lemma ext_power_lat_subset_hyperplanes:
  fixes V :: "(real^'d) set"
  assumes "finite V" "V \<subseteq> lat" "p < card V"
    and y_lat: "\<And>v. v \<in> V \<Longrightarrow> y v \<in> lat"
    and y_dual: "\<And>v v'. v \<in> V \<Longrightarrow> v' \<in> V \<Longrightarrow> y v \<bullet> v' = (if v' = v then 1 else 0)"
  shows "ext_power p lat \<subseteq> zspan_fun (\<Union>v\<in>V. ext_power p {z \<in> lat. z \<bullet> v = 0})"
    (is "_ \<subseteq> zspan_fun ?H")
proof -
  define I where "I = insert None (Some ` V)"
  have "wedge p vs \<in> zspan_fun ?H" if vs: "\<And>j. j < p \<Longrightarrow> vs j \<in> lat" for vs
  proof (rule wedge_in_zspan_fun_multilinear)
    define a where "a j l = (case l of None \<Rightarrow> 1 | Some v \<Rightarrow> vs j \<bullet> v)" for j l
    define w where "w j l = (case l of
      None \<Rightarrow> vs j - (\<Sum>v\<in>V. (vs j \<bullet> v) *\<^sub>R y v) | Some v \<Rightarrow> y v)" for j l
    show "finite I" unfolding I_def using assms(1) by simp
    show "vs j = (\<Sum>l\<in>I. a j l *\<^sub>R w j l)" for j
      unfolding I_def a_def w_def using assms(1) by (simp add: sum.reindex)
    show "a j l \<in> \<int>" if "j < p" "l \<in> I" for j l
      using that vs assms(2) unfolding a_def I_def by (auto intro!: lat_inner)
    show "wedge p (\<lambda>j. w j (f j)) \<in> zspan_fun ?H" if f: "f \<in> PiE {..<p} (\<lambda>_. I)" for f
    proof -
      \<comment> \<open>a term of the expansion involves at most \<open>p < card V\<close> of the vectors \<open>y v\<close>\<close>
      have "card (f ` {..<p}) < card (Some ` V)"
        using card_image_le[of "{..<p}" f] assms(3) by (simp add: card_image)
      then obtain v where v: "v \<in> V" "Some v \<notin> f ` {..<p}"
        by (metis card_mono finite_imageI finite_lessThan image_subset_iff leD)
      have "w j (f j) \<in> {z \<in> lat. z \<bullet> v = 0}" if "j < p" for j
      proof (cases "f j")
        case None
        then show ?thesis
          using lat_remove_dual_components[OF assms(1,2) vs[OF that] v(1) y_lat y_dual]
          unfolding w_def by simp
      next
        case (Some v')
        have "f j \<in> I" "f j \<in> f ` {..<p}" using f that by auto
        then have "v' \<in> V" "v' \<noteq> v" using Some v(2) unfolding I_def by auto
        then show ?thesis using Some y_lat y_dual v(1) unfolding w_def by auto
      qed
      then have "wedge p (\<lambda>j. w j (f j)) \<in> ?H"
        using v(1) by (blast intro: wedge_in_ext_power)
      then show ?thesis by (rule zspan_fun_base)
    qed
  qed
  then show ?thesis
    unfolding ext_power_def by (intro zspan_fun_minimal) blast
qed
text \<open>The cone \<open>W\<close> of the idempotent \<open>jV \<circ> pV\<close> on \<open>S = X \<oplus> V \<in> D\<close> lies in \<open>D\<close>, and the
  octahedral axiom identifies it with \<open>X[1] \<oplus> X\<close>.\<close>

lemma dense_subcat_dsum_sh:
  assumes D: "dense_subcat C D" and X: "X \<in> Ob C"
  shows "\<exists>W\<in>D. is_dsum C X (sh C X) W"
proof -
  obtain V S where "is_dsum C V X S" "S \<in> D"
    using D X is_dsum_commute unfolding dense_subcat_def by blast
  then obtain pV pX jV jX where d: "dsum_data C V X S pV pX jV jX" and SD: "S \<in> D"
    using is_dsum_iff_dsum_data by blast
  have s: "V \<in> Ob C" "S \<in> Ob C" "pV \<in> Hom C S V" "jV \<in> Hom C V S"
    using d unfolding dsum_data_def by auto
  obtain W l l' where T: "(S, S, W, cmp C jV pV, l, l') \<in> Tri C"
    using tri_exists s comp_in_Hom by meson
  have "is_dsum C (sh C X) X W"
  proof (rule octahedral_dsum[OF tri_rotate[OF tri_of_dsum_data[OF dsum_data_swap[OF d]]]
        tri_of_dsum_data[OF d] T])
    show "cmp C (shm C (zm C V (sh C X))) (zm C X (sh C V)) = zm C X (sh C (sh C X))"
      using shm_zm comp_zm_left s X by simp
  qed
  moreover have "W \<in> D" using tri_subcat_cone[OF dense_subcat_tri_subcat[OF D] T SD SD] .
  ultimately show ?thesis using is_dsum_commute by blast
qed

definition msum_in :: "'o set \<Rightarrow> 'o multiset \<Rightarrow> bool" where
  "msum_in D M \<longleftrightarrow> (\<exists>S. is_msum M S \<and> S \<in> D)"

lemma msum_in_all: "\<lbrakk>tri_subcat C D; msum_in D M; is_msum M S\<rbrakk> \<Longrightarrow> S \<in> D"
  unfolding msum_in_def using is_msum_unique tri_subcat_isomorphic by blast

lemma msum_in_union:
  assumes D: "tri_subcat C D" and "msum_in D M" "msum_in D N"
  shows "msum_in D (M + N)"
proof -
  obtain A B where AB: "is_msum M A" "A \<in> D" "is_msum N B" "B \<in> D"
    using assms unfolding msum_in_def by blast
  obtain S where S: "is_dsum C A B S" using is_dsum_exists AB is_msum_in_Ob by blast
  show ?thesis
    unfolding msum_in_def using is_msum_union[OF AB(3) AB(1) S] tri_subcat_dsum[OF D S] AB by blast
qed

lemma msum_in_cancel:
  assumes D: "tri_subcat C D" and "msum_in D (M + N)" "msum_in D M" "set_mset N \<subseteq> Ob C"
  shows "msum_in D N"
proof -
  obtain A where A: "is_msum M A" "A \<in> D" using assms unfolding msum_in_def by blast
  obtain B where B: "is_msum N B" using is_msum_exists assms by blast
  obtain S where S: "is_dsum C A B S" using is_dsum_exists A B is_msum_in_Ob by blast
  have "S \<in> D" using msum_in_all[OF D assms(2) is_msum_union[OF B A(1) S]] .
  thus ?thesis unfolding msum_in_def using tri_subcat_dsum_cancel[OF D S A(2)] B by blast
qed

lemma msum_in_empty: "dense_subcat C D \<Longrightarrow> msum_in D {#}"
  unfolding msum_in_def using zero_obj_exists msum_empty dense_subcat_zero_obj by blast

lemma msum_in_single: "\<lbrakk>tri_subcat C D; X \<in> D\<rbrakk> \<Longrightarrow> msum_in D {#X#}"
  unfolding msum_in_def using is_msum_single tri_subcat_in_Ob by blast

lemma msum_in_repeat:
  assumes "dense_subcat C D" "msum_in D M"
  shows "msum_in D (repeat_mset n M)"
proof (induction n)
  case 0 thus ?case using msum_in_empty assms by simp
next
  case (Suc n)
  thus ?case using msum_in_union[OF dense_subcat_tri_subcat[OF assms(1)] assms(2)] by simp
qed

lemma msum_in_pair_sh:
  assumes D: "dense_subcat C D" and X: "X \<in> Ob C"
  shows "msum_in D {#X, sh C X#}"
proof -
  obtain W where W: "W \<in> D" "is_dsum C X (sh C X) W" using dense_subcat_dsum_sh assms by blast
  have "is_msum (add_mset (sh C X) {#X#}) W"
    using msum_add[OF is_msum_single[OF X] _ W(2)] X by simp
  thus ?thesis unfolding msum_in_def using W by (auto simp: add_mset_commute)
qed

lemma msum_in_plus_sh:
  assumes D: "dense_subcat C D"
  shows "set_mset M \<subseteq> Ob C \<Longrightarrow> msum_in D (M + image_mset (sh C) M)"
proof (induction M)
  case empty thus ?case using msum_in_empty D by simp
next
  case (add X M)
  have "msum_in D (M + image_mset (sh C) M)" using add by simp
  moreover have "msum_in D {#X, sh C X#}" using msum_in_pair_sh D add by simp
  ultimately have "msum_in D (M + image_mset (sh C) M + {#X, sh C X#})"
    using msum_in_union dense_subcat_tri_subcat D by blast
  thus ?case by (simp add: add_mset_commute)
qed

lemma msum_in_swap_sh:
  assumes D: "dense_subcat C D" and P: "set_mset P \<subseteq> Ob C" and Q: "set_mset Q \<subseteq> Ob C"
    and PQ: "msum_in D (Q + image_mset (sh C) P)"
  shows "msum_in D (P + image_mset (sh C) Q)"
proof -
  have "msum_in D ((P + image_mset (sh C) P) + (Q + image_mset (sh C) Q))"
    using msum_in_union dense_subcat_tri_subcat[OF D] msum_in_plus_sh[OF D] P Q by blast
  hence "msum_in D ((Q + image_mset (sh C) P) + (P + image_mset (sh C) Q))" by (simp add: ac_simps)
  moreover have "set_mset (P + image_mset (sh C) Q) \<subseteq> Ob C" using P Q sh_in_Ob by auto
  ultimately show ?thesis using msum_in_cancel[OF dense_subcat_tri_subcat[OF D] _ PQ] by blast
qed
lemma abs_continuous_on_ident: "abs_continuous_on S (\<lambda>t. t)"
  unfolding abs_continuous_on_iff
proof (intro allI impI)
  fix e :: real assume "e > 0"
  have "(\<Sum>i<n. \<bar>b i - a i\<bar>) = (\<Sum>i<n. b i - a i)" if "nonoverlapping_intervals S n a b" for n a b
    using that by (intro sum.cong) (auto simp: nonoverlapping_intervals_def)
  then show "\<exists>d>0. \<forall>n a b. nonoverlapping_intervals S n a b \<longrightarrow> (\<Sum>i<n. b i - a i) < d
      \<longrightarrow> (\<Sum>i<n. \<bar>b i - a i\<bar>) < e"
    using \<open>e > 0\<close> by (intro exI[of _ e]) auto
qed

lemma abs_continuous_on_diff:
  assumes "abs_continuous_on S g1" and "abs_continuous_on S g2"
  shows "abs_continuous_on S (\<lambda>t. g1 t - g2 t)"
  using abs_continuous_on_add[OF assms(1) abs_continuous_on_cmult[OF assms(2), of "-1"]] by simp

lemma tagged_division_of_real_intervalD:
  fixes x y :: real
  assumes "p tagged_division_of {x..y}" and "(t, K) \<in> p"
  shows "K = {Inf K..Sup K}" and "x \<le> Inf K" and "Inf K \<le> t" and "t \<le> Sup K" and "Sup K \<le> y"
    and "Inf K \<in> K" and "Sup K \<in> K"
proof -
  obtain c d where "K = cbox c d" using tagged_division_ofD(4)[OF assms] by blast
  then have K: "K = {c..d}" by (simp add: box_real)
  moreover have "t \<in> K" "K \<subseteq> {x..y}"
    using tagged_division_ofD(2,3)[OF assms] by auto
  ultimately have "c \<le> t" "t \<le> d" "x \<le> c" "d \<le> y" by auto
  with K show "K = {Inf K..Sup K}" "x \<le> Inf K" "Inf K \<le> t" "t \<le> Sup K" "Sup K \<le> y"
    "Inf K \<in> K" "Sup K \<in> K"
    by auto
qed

● WHAT TO DO:
Among the records, find every line holding the word "induction" and copy it.

● THE COMPLETED TASK:
proof (induction n)
proof (induction M)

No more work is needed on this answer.